Zadignose | 158 comments I'll attempt to listen to Bauhaus while reading to see if it enhances the experience. Meanwhile, I had to look up All-set. I learn something every day.


message 24: by Gregsamsa (new)

Gregsamsa | 94 comments I just Google All Set to see what that might have netted (btw Final Net was an alternative brand if All Set was unavailable).
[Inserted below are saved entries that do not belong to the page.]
lemma closest_point_in_closure:
  fixes W :: "'a::{real_inner,complete_space} set"
  assumes "convex W" and "W \<noteq> {}"
  obtains y where "y \<in> closure W" and "dist g y = infdist g W"
proof -
  define d where "d = infdist g W"
  have "d \<ge> 0" by (simp add: d_def infdist_nonneg)
  have "\<exists>y\<in>W. (dist g y)\<^sup>2 < d\<^sup>2 + 1 / Suc n" for n
  proof -
    have "Inf (dist g ` W) < sqrt (d\<^sup>2 + 1 / Suc n)"
      using real_less_rsqrt[of d] by (simp add: d_def infdist_notempty assms(2))
    then obtain y where "y \<in> W" "dist g y < sqrt (d\<^sup>2 + 1 / Suc n)"
      using cInf_lessD[of "dist g ` W"] assms(2) by blast
    thus ?thesis
      by (metis zero_le_dist real_sqrt_less_iff real_sqrt_abs abs_of_nonneg)
  qed
  then obtain y where y: "\<And>n. y n \<in> W" and y_close: "\<And>n. (dist g (y n))\<^sup>2 < d\<^sup>2 + 1 / Suc n"
    by metis
  obtain y0 where "y \<longlonglongrightarrow> y0"
    using minimising_sequence_Cauchy[OF assms(1) y y_close[unfolded d_def]]
    unfolding Cauchy_convergent_iff convergent_def by blast
  have "y0 \<in> closure W"
    using y \<open>y \<longlonglongrightarrow> y0\<close> unfolding closure_sequential by blast
  have "(dist g y0)\<^sup>2 \<le> d\<^sup>2"
  proof (rule LIMSEQ_le)
    show "(\<lambda>n. (dist g (y n))\<^sup>2) \<longlonglongrightarrow> (dist g y0)\<^sup>2"
      by (intro tendsto_intros \<open>y \<longlonglongrightarrow> y0\<close>)
    show "(\<lambda>n. d\<^sup>2 + 1 / real (Suc n)) \<longlonglongrightarrow> d\<^sup>2"
      using LIMSEQ_inverse_real_of_nat_add[of "d\<^sup>2"] by (simp add: divide_inverse)
    show "\<exists>k. \<forall>n\<ge>k. (dist g (y n))\<^sup>2 \<le> d\<^sup>2 + 1 / real (Suc n)"
      using y_close less_imp_le by blast
  qed
  hence "dist g y0 \<le> d"
    using \<open>d \<ge> 0\<close> by (rule power2_le_imp_le)
  moreover have "d \<le> dist g y0"
    using infdist_triangle[of g W y0] \<open>y0 \<in> closure W\<close> in_closure_iff_infdist_zero[OF assms(2)]
    by (simp add: d_def)
  ultimately show thesis
    using that \<open>y0 \<in> closure W\<close> by (simp add: d_def)
qed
The first two pages said nothing about powerful coif control in even the most humid and Smokey club conditions.


message 25: by Zadignose (new)

Zadignose | 158 comments I attempted "all set hair" and got there.


message 26: by Nathan "N.R." (new)

Nathan "N.R." Gaddis (nathannrgaddis) | 986 comments Are you guys really talking about hair and cure and bauhaus in this thread? Maybe it's just me.

You guys are also making me regret more and more (Eric did it earlier) that I tossed my nice four volume set of ancient date of Heine's Werke. Naja.

@Caroline -- Don't miss Faust!!

“Habe nun, ach! ......
Da steh ich nun, ich armer Tor!
Und bin so klug als wie zuvor."


message 27: by Caroline (new)

Caroline (carobibliophile) | 9 comments I had forgotten Faust--it was so long ago. Thanks for the reminder. Also, I recently bought a used copy of the Italian Journey, which I think might be more to my taste.

I had to go look up and sample Bauhaus (rock ignoramus)--I see the point, but streaming Heine in my eyes and Bela Lugosi’s Dead in my ears...might rotate my brain 10 degrees.

Eric, thanks for the link to Atta Troll; I had been looking for a hard copy. But according to the introduction I’m doomed: for no woman ever quite understood Heinrich Heine, who is still a riddle to most of the men of this age.


message 28: by Eric (new)

Eric | 57 comments Caroline: So is the downside of the upside of there being these valums in the Pubic Domen.

If we make it past the Anteductions and Onwords we come upon a text proper which, liable to same, is perhaps the more likely to not be Manhandled.

As for Heine, I'd should needs get mine own Heiny into gear and finish the little thing of essays of his I have.